• **Task brief**: The answer must be every record below, reproduced exactly.

• **Information given**:

definition left_link :: "stack \<Rightarrow> nat set \<Rightarrow> nat set \<Rightarrow> (nat \<times> nat) set" where
  "left_link S I J = (\<Union>i\<in>I. S (I - {i}) J)"

text \<open>The edges at I of the graph inspected by linkage at pointed_set d I J, see
  Union_unreduce_eq_link_graph.\<close>
definition link_edges :: "nat \<Rightarrow> stack \<Rightarrow> nat set \<Rightarrow> nat set \<Rightarrow> (nat \<times> nat) set" where
  "link_edges d S I J = left_link S I J \<union> (\<Union>k\<in>{1..d} - J. S I (insert k J))"

definition mate :: "stack \<Rightarrow> nat set \<Rightarrow> nat set \<Rightarrow> nat \<Rightarrow> nat" where
  "mate S I J k = (THE i. (i, k) \<in> S I (insert k J))"

lemma matching_stack_is_pm:
  "matching_stack n d S \<Longrightarrow> I \<subseteq> {1..n} \<Longrightarrow> J \<subseteq> {1..d} \<Longrightarrow> card I = card J \<Longrightarrow> is_pm I J (S I J)"
  unfolding matching_stack_def by metis

lemma matching_stack_outside:
  "matching_stack n d S \<Longrightarrow> \<not> (I \<subseteq> {1..n} \<and> J \<subseteq> {1..d} \<and> card I = card J) \<Longrightarrow> S I J = {}"
  unfolding matching_stack_def by metis

context
  fixes n d :: nat and S :: stack and I J :: "nat set"
  assumes stack: "matching_stack n d S"
    and I_sub: "I \<subseteq> {1..n}" and J_sub: "J \<subseteq> {1..d}" and card_IJ: "card I = card J + 1"
begin

private lemma finite_I: "finite I" and finite_J: "finite J"
  using I_sub J_sub finite_subset by blast+

lemma is_pm_drop_left: "i \<in> I \<Longrightarrow> is_pm (I - {i}) J (S (I - {i}) J)"
  by (rule matching_stack_is_pm[OF stack]) (use I_sub J_sub card_IJ finite_I in auto)

lemma is_pm_add_right: "k \<in> {1..d} - J \<Longrightarrow> is_pm I (insert k J) (S I (insert k J))"
  by (rule matching_stack_is_pm[OF stack]) (use I_sub J_sub card_IJ finite_J in auto)

lemma mate_mem: "k \<in> {1..d} - J \<Longrightarrow> (mate S I J k, k) \<in> S I (insert k J)"
  and mate_unique: "k \<in> {1..d} - J \<Longrightarrow> (i, k) \<in> S I (insert k J) \<Longrightarrow> i = mate S I J k"
proof -
  assume k: "k \<in> {1..d} - J"
  then have "\<exists>!i. (i, k) \<in> S I (insert k J)" using is_pm_add_right unfolding is_pm_def by blast
  then show "(mate S I J k, k) \<in> S I (insert k J)" "(i, k) \<in> S I (insert k J) \<Longrightarrow> i = mate S I J k"
    unfolding mate_def by (metis (mono_tags) theI', simp add: the1_equality)
qed

lemma mate_in: "k \<in> {1..d} - J \<Longrightarrow> mate S I J k \<in> I"
  using mate_mem is_pm_memD[OF is_pm_add_right] by blast

lemma left_link_subset: "left_link S I J \<subseteq> I \<times> J"
  unfolding left_link_def using is_pm_drop_left unfolding is_pm_def by blast

lemma link_edges_outside:
  assumes "(i, b) \<in> link_edges d S I J" "b \<notin> J"
  shows "b \<in> {1..d} - J" "i = mate S I J b"
proof -
  have "(i, b) \<notin> left_link S I J" using left_link_subset assms(2) by auto
  then obtain k where k: "k \<in> {1..d} - J" "(i, b) \<in> S I (insert k J)"
    using assms(1) unfolding link_edges_def by blast
  then have "b = k" using is_pm_memD[OF is_pm_add_right] assms(2) by blast
  then show "b \<in> {1..d} - J" "i = mate S I J b" using k mate_unique by auto
qed

lemma link_edges_eq:
  assumes "\<And>i j. (i, j) \<in> link_edges d S I J \<Longrightarrow> j \<in> J \<Longrightarrow> (i, j) \<in> left_link S I J"
  shows "link_edges d S I J = left_link S I J \<union> (\<lambda>k. (mate S I J k, k)) ` ({1..d} - J)"
proof
  show "link_edges d S I J \<subseteq> left_link S I J \<union> (\<lambda>k. (mate S I J k, k)) ` ({1..d} - J)"
    using assms link_edges_outside by fast
  show "left_link S I J \<union> (\<lambda>k. (mate S I J k, k)) ` ({1..d} - J) \<subseteq> link_edges d S I J"
    unfolding link_edges_def using mate_mem by blast
qed

lemma link_graph_tree_iff:
  assumes "\<And>i j. (i, j) \<in> link_edges d S I J \<Longrightarrow> j \<in> J \<Longrightarrow> (i, j) \<in> left_link S I J"
  shows "bip_spanning_tree (pointed_set d I J) {1..d} (pointed_ext d J (link_edges d S I J)) \<and>
      right_deg2 {1..d} (pointed_ext d J (link_edges d S I J))
    \<longleftrightarrow> bip_spanning_tree I J (left_link S I J) \<and> right_deg2 J (left_link S I J)"
proof -
  let ?K = "{1..d} - J"
  have "pointed_ext d J (link_edges d S I J) = attach_pendant_paths (left_link S I J) (mate S I J) ?K"
    using link_edges_eq[OF assms] unfolding pointed_ext_def attach_pendant_paths_def by auto
  moreover have "{1..d} = J \<union> ?K" using J_sub by blast
  moreover have "mate S I J ` ?K \<subseteq> I" using mate_in by blast
  ultimately show ?thesis
    unfolding pointed_set_def
    using bip_spanning_tree_attach_pendant_paths_iff[OF left_link_subset]
      right_deg2_attach_pendant_paths_iff[OF left_link_subset]
    by (metis Diff_disjoint)
qed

• **Task answer**:
definition left_link :: "stack \<Rightarrow> nat set \<Rightarrow> nat set \<Rightarrow> (nat \<times> nat) set" where
  "left_link S I J = (\<Union>i\<in>I. S (I - {i}) J)"

text \<open>The edges at I of the graph inspected by linkage at pointed_set d I J, see
  Union_unreduce_eq_link_graph.\<close>
definition link_edges :: "nat \<Rightarrow> stack \<Rightarrow> nat set \<Rightarrow> nat set \<Rightarrow> (nat \<times> nat) set" where
  "link_edges d S I J = left_link S I J \<union> (\<Union>k\<in>{1..d} - J. S I (insert k J))"

definition mate :: "stack \<Rightarrow> nat set \<Rightarrow> nat set \<Rightarrow> nat \<Rightarrow> nat" where
  "mate S I J k = (THE i. (i, k) \<in> S I (insert k J))"

lemma matching_stack_is_pm:
  "matching_stack n d S \<Longrightarrow> I \<subseteq> {1..n} \<Longrightarrow> J \<subseteq> {1..d} \<Longrightarrow> card I = card J \<Longrightarrow> is_pm I J (S I J)"
  unfolding matching_stack_def by metis

lemma matching_stack_outside:
  "matching_stack n d S \<Longrightarrow> \<not> (I \<subseteq> {1..n} \<and> J \<subseteq> {1..d} \<and> card I = card J) \<Longrightarrow> S I J = {}"
  unfolding matching_stack_def by metis

context
  fixes n d :: nat and S :: stack and I J :: "nat set"
  assumes stack: "matching_stack n d S"
    and I_sub: "I \<subseteq> {1..n}" and J_sub: "J \<subseteq> {1..d}" and card_IJ: "card I = card J + 1"
begin

private lemma finite_I: "finite I" and finite_J: "finite J"
  using I_sub J_sub finite_subset by blast+

lemma is_pm_drop_left: "i \<in> I \<Longrightarrow> is_pm (I - {i}) J (S (I - {i}) J)"
  by (rule matching_stack_is_pm[OF stack]) (use I_sub J_sub card_IJ finite_I in auto)

lemma is_pm_add_right: "k \<in> {1..d} - J \<Longrightarrow> is_pm I (insert k J) (S I (insert k J))"
  by (rule matching_stack_is_pm[OF stack]) (use I_sub J_sub card_IJ finite_J in auto)

lemma mate_mem: "k \<in> {1..d} - J \<Longrightarrow> (mate S I J k, k) \<in> S I (insert k J)"
  and mate_unique: "k \<in> {1..d} - J \<Longrightarrow> (i, k) \<in> S I (insert k J) \<Longrightarrow> i = mate S I J k"
proof -
  assume k: "k \<in> {1..d} - J"
  then have "\<exists>!i. (i, k) \<in> S I (insert k J)" using is_pm_add_right unfolding is_pm_def by blast
  then show "(mate S I J k, k) \<in> S I (insert k J)" "(i, k) \<in> S I (insert k J) \<Longrightarrow> i = mate S I J k"
    unfolding mate_def by (metis (mono_tags) theI', simp add: the1_equality)
qed

lemma mate_in: "k \<in> {1..d} - J \<Longrightarrow> mate S I J k \<in> I"
  using mate_mem is_pm_memD[OF is_pm_add_right] by blast

lemma left_link_subset: "left_link S I J \<subseteq> I \<times> J"
  unfolding left_link_def using is_pm_drop_left unfolding is_pm_def by blast

lemma link_edges_outside:
  assumes "(i, b) \<in> link_edges d S I J" "b \<notin> J"
  shows "b \<in> {1..d} - J" "i = mate S I J b"
proof -
  have "(i, b) \<notin> left_link S I J" using left_link_subset assms(2) by auto
  then obtain k where k: "k \<in> {1..d} - J" "(i, b) \<in> S I (insert k J)"
    using assms(1) unfolding link_edges_def by blast
  then have "b = k" using is_pm_memD[OF is_pm_add_right] assms(2) by blast
  then show "b \<in> {1..d} - J" "i = mate S I J b" using k mate_unique by auto
qed

lemma link_edges_eq:
  assumes "\<And>i j. (i, j) \<in> link_edges d S I J \<Longrightarrow> j \<in> J \<Longrightarrow> (i, j) \<in> left_link S I J"
  shows "link_edges d S I J = left_link S I J \<union> (\<lambda>k. (mate S I J k, k)) ` ({1..d} - J)"
proof
  show "link_edges d S I J \<subseteq> left_link S I J \<union> (\<lambda>k. (mate S I J k, k)) ` ({1..d} - J)"
    using assms link_edges_outside by fast
  show "left_link S I J \<union> (\<lambda>k. (mate S I J k, k)) ` ({1..d} - J) \<subseteq> link_edges d S I J"
    unfolding link_edges_def using mate_mem by blast
qed

lemma link_graph_tree_iff:
  assumes "\<And>i j. (i, j) \<in> link_edges d S I J \<Longrightarrow> j \<in> J \<Longrightarrow> (i, j) \<in> left_link S I J"
  shows "bip_spanning_tree (pointed_set d I J) {1..d} (pointed_ext d J (link_edges d S I J)) \<and>
      right_deg2 {1..d} (pointed_ext d J (link_edges d S I J))
    \<longleftrightarrow> bip_spanning_tree I J (left_link S I J) \<and> right_deg2 J (left_link S I J)"
proof -
  let ?K = "{1..d} - J"
  have "pointed_ext d J (link_edges d S I J) = attach_pendant_paths (left_link S I J) (mate S I J) ?K"
    using link_edges_eq[OF assms] unfolding pointed_ext_def attach_pendant_paths_def by auto
  moreover have "{1..d} = J \<union> ?K" using J_sub by blast
  moreover have "mate S I J ` ?K \<subseteq> I" using mate_in by blast
  ultimately show ?thesis
    unfolding pointed_set_def
    using bip_spanning_tree_attach_pendant_paths_iff[OF left_link_subset]
      right_deg2_attach_pendant_paths_iff[OF left_link_subset]
    by (metis Diff_disjoint)
qed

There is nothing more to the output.